→ **Requirement**: Working from the records below, repeat exactly the lines starting at the line that contains "fix z assume" and ending at the line that contains "Suc m < pord", inclusive.

→ **Available data**:
lemma pord_blk_idx: "nu \<le> blk_k I j \<Longrightarrow> Suc nu \<le> pord (blk_idx I j nu)"
  using blk_idx_le_iff blk_idx_le by blast

lemma pord_le: "l \<le> k \<Longrightarrow> pord l \<le> Suc (blk_k I j)"
  unfolding pord_eq_card card_block[symmetric]
  by (rule card_mono[OF finite_block]) auto

lemma blk_idx_mono: "a \<le> b \<Longrightarrow> b \<le> blk_k I j \<Longrightarrow> blk_idx I j a \<le> blk_idx I j b"
  using blk_idx_le_iff[of a "blk_idx I j b"] pord_blk_idx[of b] blk_idx_le[of b] by simp

lemma blk_idx_0:
  assumes "j = 0"
  shows "blk_idx I j 0 = 0"
proof -
  have "{mu \<in> I j. mu \<le> 0} = {0}" using zero_in assms by auto
  then have "Suc 0 \<le> pord 0" using pord_eq_card[of 0] by simp
  then show ?thesis using blk_idx_le_iff[of 0 0] by simp
qed

(* The S' and N' of the theorem: N_0 dz / (z - c_0) only contributes to the block at c_0. *)
definition block_nil :: "'n cmat" where
  "block_nil = (if j = 0 then N else 0)"

definition block_S :: "nat \<Rightarrow> 'n cmat" where
  "block_S nu = (if nu = 0 then A j 0 - block_nil else A j nu)"

(* A scalar instance of pfd, such as one matrix entry of it or the difference of two entries. *)
definition scalar_pfd :: "(nat \<Rightarrow> complex) \<Rightarrow> complex \<Rightarrow> (nat \<Rightarrow> nat \<Rightarrow> complex) \<Rightarrow> bool" where
  "scalar_pfd d dN b \<longleftrightarrow> (\<forall>z. (\<forall>j'\<le>r. z \<noteq> c j') \<longrightarrow>
     unfold_scalar k (iota r I c) d dN z = principal_parts r (blk_k I) c b z)"

definition reduced_coeff :: "(nat \<Rightarrow> nat \<Rightarrow> complex) \<Rightarrow> complex \<Rightarrow> nat \<Rightarrow> complex" where
  "reduced_coeff b dN nu = b j nu - (if j = 0 \<and> nu = 0 then dN else 0)"

lemma scalar_pfd_entry: "scalar_pfd (\<lambda>l. S l $ p $ q) (N $ p $ q) (\<lambda>j nu. A j nu $ p $ q)"
  unfolding scalar_pfd_def
proof (intro allI impI)
  fix z assume "\<forall>j'\<le>r. z \<noteq> c j'"
  then have "unfold_coeff k S N (iota r I c) z $ p $ q =
      (\<Sum>j\<le>r. \<Sum>nu\<le>blk_k I j. mat (1 / (z - c j) ^ (nu + 1)) ** A j nu) $ p $ q"
    using pfd by simp
  then show "unfold_scalar k (iota r I c) (\<lambda>l. S l $ p $ q) (N $ p $ q) z =
      principal_parts r (blk_k I) c (\<lambda>j nu. A j nu $ p $ q) z"
    by (simp add: unfold_coeff_def unfold_scalar_def principal_parts_def mat_mult_nth)
qed

lemma scalar_pfd_diff:
  assumes "scalar_pfd d dN b" and "scalar_pfd d' dN' b'"
  shows "scalar_pfd (\<lambda>l. d l - d' l) (dN - dN') (\<lambda>j nu. b j nu - b' j nu)"
  using assms by (simp add: scalar_pfd_def unfold_scalar_diff principal_parts_diff)

lemma reduced_coeff_entry: "reduced_coeff (\<lambda>j nu. A j nu $ p $ q) (N $ p $ q) nu = block_S nu $ p $ q"
  unfolding reduced_coeff_def block_S_def block_nil_def by simp

lemma reduced_coeff_diff:
  "reduced_coeff (\<lambda>j nu. b j nu - b' j nu) (dN - dN') nu = reduced_coeff b dN nu - reduced_coeff b' dN' nu"
  by (simp add: reduced_coeff_def)

lemma reduced_coeff_eq:
  assumes "scalar_pfd d dN b" and "m \<le> blk_k I j"
    and "\<forall>nu. m < nu \<and> nu \<le> blk_k I j \<longrightarrow> b j nu = 0"
    and "\<forall>l\<le>k. Suc m < pord l \<longrightarrow> d l = 0"
  shows "reduced_coeff b dN m = (\<Sum>l\<le>k. if pord l = Suc m then d l / cof l else 0)"
proof -
  have "inj_on c {..r}" using distinct by (simp add: atLeast0AtMost)
  then show ?thesis
    using principal_part_coeff[of c r j k "iota r I c" d dN "blk_k I" b m] assms j_le
    by (simp add: scalar_pfd_def reduced_coeff_def iota_0_iff)
qed

(* Downward induction: the coefficient of order m + 1 is read off once the higher ones vanish. *)
lemma reduced_coeff_vanish:
  assumes pf: "scalar_pfd d dN b" and nu: "nu \<le> blk_k I j"
    and d: "\<forall>l\<in>{blk_idx I j nu..k}. d l = 0" and m: "nu \<le> m" "m \<le> blk_k I j"
  shows "reduced_coeff b dN m = 0"
proof -
  have d': "d l = 0" if "l \<le> k" "Suc nu \<le> pord l" for l
    using d blk_idx_le_iff[OF nu] that by auto
  have "m \<le> Suc (blk_k I j)" using m by simp
  then have "\<forall>mu\<in>{m..blk_k I j}. reduced_coeff b dN mu = 0"
  proof (induction rule: inc_induct)
    case (step n)
    have "\<forall>mu. n < mu \<and> mu \<le> blk_k I j \<longrightarrow> b j mu = 0"
      using step.IH by (auto simp: reduced_coeff_def)
    moreover have "\<forall>l\<le>k. Suc n < pord l \<longrightarrow> d l = 0"
      using d' m(1) step.hyps(1) by auto
    ultimately have "reduced_coeff b dN n = (\<Sum>l\<le>k. if pord l = Suc n then d l / cof l else 0)"
      using reduced_coeff_eq[OF pf] step.hyps(2) by simp
    also have "\<dots> = 0"
      using d' m(1) step.hyps(1) by (intro sum.neutral) auto
    finally have "reduced_coeff b dN n = 0" .
    then show ?case
      using step.IH by (metis atLeastAtMost_iff le_antisym not_less_eq_eq)
  qed simp
  then show ?thesis using m by simp
qed

lemma block_S_offdiag:
  assumes "p \<noteq> q" and "nu \<le> blk_k I j"
  shows "block_S nu $ p $ q = 0"
proof -
  have "\<forall>l\<le>k. S l $ p $ q = 0"
    using nf assms(1) by (simp add: htl_nf_def is_diag_def)
  then show ?thesis
    using reduced_coeff_vanish[OF scalar_pfd_entry, where nu = 0 and m = nu] assms(2)
    by (simp add: reduced_coeff_entry)
qed
definition equiangular_tight_frame :: "nat \<Rightarrow> nat \<Rightarrow> (nat \<Rightarrow> nat \<Rightarrow> quat) \<Rightarrow> real \<Rightarrow> bool" where
  "equiangular_tight_frame m N vs A \<longleftrightarrow> tight_frame m N vs A \<and>
     (\<exists>c. \<forall>p<N. \<forall>q<N. p \<noteq> q \<longrightarrow> qabs (gram m vs p q) = c)"

end

theory Submission imports Defs begin

text \<open>The rows of a full QOD are orthogonal of squared length \<sigma>, and \<sigma> = n on the unit torus;
  hence any m of its rows form a matrix X1 with X1 X1^* = n I_m, which is exactly tightness of
  the columns of X1 with frame constant n. Equiangularity is read off the hypothesis on X1^* X1:
  signs, the units 1, i, j, k and quaternion conjugation preserve absolute values and |\<alpha>| = |\<beta>|,
  so every off-diagonal entry has absolute value |\<alpha>| times either the modulus of a monomial in
  unimodular x_l, which is 1, or |\<sigma>|, which does not depend on the entry.\<close>

lemma quat_eqI:
  "qre a = qre b \<Longrightarrow> qim1 a = qim1 b \<Longrightarrow> qim2 a = qim2 b \<Longrightarrow> qim3 a = qim3 b \<Longrightarrow> a = b"
  by (cases a; cases b) auto

lemma quat_component_simps [simp]:
  "qre (p + q) = qre p + qre q" "qim1 (p + q) = qim1 p + qim1 q"
  "qim2 (p + q) = qim2 p + qim2 q" "qim3 (p + q) = qim3 p + qim3 q"
  "qre (p - q) = qre p - qre q" "qim1 (p - q) = qim1 p - qim1 q"
  "qim2 (p - q) = qim2 p - qim2 q" "qim3 (p - q) = qim3 p - qim3 q"
  "qre (- p) = - qre p" "qim1 (- p) = - qim1 p" "qim2 (- p) = - qim2 p" "qim3 (- p) = - qim3 p"
  "qre 0 = 0" "qim1 0 = 0" "qim2 0 = 0" "qim3 0 = 0"
  "qre 1 = 1" "qim1 1 = 0" "qim2 1 = 0" "qim3 1 = 0"
  "qre (p * q) = qre p * qre q - qim1 p * qim1 q - qim2 p * qim2 q - qim3 p * qim3 q"
  "qim1 (p * q) = qre p * qim1 q + qim1 p * qre q + qim2 p * qim3 q - qim3 p * qim2 q"
  "qim2 (p * q) = qre p * qim2 q - qim1 p * qim3 q + qim2 p * qre q + qim3 p * qim1 q"
  "qim3 (p * q) = qre p * qim3 q + qim1 p * qim2 q - qim2 p * qim1 q + qim3 p * qre q"
  by (simp_all add: plus_quat_def minus_quat_def uminus_quat_def zero_quat_def one_quat_def
      times_quat_def)

instance quat :: ring_1
proof
  fix a b c :: quat
  show "a * b * c = a * (b * c)" by (rule quat_eqI) (simp_all add: algebra_simps)
  show "(a + b) * c = a * c + b * c" by (rule quat_eqI) (simp_all add: algebra_simps)
  show "a * (b + c) = a * b + a * c" by (rule quat_eqI) (simp_all add: algebra_simps)
  show "1 * a = a" by (rule quat_eqI) simp_all
  show "a * 1 = a" by (rule quat_eqI) simp_all
  show "(0::quat) \<noteq> 1" by (metis quat_component_simps(13,17) zero_neq_one)
qed

lemma qcnj_components [simp]:
  "qre (qcnj p) = qre p" "qim1 (qcnj p) = - qim1 p"
  "qim2 (qcnj p) = - qim2 p" "qim3 (qcnj p) = - qim3 p"
  by (simp_all add: qcnj_def)

lemma qcnj_mult: "qcnj (p * q) = qcnj q * qcnj p"
  by (rule quat_eqI) (simp_all add: algebra_simps)

lemma qcnj_qcnj [simp]: "qcnj (qcnj p) = p"
  by (rule quat_eqI) simp_all

lemma qcnj_add: "qcnj (p + q) = qcnj p + qcnj q"
  by (rule quat_eqI) simp_all

lemma qcnj_zero [simp]: "qcnj 0 = 0"
  by (rule quat_eqI) simp_all

lemma qcnj_sum: "qcnj (sum f A) = (\<Sum>a\<in>A. qcnj (f a))"
  by (induction A rule: infinite_finite_induct) (simp_all add: qcnj_add)

lemma quat_of_real_components [simp]:
  "qre (quat_of_real r) = r" "qim1 (quat_of_real r) = 0"
  "qim2 (quat_of_real r) = 0" "qim3 (quat_of_real r) = 0"
  by (simp_all add: quat_of_real_def)

lemma quat_of_real_mult_commute: "quat_of_real r * p = p * quat_of_real r"
  by (rule quat_eqI) simp_all

lemma quat_of_real_mult: "quat_of_real (a * b) = quat_of_real a * quat_of_real b"
  by (rule quat_eqI) simp_all

lemma quat_of_real_add: "quat_of_real (a + b) = quat_of_real a + quat_of_real b"
  by (rule quat_eqI) simp_all

lemma quat_of_real_zero [simp]: "quat_of_real 0 = 0"
  by (rule quat_eqI) simp_all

→ **Your response**:
  fix z assume "\<forall>j'\<le>r. z \<noteq> c j'"
  then have "unfold_coeff k S N (iota r I c) z $ p $ q =
      (\<Sum>j\<le>r. \<Sum>nu\<le>blk_k I j. mat (1 / (z - c j) ^ (nu + 1)) ** A j nu) $ p $ q"
    using pfd by simp
  then show "unfold_scalar k (iota r I c) (\<lambda>l. S l $ p $ q) (N $ p $ q) z =
      principal_parts r (blk_k I) c (\<lambda>j nu. A j nu $ p $ q) z"
    by (simp add: unfold_coeff_def unfold_scalar_def principal_parts_def mat_mult_nth)
qed

lemma scalar_pfd_diff:
  assumes "scalar_pfd d dN b" and "scalar_pfd d' dN' b'"
  shows "scalar_pfd (\<lambda>l. d l - d' l) (dN - dN') (\<lambda>j nu. b j nu - b' j nu)"
  using assms by (simp add: scalar_pfd_def unfold_scalar_diff principal_parts_diff)

lemma reduced_coeff_entry: "reduced_coeff (\<lambda>j nu. A j nu $ p $ q) (N $ p $ q) nu = block_S nu $ p $ q"
  unfolding reduced_coeff_def block_S_def block_nil_def by simp

lemma reduced_coeff_diff:
  "reduced_coeff (\<lambda>j nu. b j nu - b' j nu) (dN - dN') nu = reduced_coeff b dN nu - reduced_coeff b' dN' nu"
  by (simp add: reduced_coeff_def)

lemma reduced_coeff_eq:
  assumes "scalar_pfd d dN b" and "m \<le> blk_k I j"
    and "\<forall>nu. m < nu \<and> nu \<le> blk_k I j \<longrightarrow> b j nu = 0"
    and "\<forall>l\<le>k. Suc m < pord l \<longrightarrow> d l = 0"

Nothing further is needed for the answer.